What is being asked. Once every line in the data below has been checked for "intro", give the number of lines that hold it, and only that.

Input.
:::::
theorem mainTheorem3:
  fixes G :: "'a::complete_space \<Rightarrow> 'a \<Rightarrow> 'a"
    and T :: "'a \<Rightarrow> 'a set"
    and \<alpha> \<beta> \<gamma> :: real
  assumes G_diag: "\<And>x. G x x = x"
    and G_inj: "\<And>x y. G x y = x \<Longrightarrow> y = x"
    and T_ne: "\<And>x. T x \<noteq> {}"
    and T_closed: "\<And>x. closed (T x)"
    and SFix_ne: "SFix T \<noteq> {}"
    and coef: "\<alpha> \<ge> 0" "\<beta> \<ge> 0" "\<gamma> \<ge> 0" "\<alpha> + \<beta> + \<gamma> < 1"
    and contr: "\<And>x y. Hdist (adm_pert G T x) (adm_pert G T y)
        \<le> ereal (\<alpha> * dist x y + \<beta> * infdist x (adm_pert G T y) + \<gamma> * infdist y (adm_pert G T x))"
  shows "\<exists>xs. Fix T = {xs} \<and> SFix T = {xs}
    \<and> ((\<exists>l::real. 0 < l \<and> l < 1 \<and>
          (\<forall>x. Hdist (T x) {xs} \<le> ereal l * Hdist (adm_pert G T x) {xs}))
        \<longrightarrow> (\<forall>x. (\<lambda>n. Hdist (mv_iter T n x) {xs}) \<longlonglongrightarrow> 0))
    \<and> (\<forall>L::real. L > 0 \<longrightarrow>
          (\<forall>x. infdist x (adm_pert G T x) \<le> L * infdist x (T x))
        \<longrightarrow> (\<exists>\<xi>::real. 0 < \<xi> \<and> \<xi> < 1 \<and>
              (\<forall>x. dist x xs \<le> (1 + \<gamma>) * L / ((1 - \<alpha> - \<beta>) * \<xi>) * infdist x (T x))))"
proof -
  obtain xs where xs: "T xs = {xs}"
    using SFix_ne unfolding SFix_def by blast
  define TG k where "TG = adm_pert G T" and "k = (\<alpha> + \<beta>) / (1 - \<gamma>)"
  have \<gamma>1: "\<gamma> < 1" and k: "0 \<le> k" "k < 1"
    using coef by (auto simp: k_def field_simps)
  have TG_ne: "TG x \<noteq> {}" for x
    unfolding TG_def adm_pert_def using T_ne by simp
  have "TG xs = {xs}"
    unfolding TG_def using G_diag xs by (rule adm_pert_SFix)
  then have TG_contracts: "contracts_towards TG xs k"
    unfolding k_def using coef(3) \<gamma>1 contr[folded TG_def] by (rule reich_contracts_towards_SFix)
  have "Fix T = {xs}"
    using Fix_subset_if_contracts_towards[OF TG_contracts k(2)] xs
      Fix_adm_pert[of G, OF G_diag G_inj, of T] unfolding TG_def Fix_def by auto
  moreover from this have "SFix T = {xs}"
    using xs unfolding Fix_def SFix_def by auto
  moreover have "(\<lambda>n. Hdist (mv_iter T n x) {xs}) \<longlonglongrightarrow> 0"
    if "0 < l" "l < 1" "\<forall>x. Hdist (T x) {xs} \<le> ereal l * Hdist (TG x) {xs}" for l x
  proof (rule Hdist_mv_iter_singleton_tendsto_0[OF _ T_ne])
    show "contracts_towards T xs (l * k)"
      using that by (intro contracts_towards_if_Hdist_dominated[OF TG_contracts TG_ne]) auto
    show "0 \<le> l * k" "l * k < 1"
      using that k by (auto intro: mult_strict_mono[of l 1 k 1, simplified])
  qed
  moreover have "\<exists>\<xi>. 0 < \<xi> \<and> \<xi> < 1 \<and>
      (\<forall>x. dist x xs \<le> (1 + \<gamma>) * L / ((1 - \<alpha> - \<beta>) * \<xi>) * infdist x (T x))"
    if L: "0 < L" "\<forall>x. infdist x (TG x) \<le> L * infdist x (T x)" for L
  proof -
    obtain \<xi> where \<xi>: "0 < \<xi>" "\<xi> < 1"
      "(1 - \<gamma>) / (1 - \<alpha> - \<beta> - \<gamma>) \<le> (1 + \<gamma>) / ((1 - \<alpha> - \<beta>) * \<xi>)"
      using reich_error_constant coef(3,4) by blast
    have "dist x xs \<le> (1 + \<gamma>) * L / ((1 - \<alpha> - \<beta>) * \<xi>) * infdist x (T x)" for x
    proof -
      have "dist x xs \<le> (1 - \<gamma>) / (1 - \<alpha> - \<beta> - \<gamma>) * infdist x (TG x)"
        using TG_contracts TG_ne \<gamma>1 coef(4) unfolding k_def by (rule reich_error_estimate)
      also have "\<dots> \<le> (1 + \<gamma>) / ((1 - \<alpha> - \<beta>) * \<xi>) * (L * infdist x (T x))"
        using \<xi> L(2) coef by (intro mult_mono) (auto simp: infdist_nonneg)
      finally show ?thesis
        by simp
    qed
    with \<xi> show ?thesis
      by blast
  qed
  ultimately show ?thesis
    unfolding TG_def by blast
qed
:::::
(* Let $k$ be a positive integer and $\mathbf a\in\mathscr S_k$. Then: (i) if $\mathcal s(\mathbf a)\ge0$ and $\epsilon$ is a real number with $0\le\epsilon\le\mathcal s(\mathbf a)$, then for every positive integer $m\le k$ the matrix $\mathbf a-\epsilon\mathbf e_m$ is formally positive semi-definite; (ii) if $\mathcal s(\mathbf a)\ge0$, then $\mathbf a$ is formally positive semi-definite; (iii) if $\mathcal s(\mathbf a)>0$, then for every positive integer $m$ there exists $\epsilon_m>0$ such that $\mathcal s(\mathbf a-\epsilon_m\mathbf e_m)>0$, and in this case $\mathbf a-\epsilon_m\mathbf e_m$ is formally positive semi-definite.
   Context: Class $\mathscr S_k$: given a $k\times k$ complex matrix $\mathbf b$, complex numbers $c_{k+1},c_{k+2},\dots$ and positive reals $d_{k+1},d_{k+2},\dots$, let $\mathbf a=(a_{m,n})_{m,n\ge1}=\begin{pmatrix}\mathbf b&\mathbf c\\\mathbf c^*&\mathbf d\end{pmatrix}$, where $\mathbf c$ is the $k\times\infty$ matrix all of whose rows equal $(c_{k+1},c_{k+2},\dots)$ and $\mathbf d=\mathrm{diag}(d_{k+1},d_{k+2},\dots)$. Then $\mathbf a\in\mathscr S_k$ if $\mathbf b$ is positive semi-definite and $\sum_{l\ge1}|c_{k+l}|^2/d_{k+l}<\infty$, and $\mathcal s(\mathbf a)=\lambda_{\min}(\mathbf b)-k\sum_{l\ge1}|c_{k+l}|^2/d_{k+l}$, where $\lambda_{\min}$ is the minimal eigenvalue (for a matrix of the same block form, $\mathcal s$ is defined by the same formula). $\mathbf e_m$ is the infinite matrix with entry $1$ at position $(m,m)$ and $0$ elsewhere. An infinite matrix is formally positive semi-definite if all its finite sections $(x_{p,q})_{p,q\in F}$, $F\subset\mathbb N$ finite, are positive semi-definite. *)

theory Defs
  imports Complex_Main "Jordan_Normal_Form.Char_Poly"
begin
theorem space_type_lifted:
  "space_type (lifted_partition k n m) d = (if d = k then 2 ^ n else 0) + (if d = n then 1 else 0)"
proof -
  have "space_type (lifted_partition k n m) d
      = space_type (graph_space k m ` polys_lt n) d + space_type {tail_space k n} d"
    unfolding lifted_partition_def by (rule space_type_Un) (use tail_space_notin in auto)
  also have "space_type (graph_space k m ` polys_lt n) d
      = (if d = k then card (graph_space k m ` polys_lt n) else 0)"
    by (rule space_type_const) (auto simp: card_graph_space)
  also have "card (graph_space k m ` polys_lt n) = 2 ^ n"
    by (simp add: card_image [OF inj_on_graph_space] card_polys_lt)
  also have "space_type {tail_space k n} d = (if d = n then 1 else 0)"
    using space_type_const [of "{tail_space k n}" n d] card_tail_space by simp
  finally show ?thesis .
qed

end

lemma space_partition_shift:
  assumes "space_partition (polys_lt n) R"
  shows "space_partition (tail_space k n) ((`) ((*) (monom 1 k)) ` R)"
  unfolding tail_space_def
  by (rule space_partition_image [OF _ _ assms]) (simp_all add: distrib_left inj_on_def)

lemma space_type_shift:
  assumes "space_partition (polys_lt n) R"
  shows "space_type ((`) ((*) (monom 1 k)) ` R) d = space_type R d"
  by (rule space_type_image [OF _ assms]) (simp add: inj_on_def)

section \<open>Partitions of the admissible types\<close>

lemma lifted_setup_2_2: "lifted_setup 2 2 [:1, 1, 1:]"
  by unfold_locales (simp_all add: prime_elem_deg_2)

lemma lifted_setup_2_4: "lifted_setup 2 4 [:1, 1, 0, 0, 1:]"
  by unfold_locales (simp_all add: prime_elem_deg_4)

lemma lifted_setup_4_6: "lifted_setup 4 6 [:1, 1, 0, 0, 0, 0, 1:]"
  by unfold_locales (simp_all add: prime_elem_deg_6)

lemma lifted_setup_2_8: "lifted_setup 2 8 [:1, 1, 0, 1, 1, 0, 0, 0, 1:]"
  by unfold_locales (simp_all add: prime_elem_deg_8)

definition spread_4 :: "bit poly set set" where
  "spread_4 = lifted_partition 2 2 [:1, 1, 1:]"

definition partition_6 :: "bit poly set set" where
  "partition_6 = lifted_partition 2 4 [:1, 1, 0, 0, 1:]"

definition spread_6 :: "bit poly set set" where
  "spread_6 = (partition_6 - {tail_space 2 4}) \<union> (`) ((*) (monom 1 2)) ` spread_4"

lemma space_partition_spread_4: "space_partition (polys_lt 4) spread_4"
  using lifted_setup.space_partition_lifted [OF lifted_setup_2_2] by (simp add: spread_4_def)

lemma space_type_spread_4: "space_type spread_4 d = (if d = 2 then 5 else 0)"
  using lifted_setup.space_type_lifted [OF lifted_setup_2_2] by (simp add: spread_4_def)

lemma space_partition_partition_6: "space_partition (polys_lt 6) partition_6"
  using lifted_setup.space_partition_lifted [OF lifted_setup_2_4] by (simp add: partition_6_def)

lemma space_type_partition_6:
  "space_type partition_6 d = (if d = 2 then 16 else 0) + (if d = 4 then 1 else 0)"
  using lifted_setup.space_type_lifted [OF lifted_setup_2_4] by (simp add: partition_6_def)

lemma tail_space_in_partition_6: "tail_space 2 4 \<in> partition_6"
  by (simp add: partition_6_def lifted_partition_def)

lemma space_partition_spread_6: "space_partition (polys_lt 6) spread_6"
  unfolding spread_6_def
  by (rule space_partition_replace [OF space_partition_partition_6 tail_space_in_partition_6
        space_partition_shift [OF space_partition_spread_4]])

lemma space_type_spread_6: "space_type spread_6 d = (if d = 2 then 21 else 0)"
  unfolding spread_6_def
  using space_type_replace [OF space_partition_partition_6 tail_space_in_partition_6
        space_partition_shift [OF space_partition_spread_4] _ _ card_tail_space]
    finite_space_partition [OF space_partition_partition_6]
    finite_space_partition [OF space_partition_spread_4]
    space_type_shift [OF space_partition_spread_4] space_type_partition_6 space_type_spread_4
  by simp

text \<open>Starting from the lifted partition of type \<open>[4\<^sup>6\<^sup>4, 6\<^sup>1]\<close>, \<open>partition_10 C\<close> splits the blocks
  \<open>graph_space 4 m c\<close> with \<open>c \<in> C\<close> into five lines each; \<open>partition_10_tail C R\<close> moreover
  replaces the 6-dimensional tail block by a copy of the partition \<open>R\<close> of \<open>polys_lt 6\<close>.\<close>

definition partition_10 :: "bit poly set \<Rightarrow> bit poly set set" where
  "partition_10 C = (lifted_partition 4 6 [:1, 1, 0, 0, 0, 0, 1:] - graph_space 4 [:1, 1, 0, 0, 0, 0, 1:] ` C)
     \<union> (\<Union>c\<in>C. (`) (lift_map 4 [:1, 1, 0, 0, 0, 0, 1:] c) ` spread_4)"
:::::
Response for this exercise. 3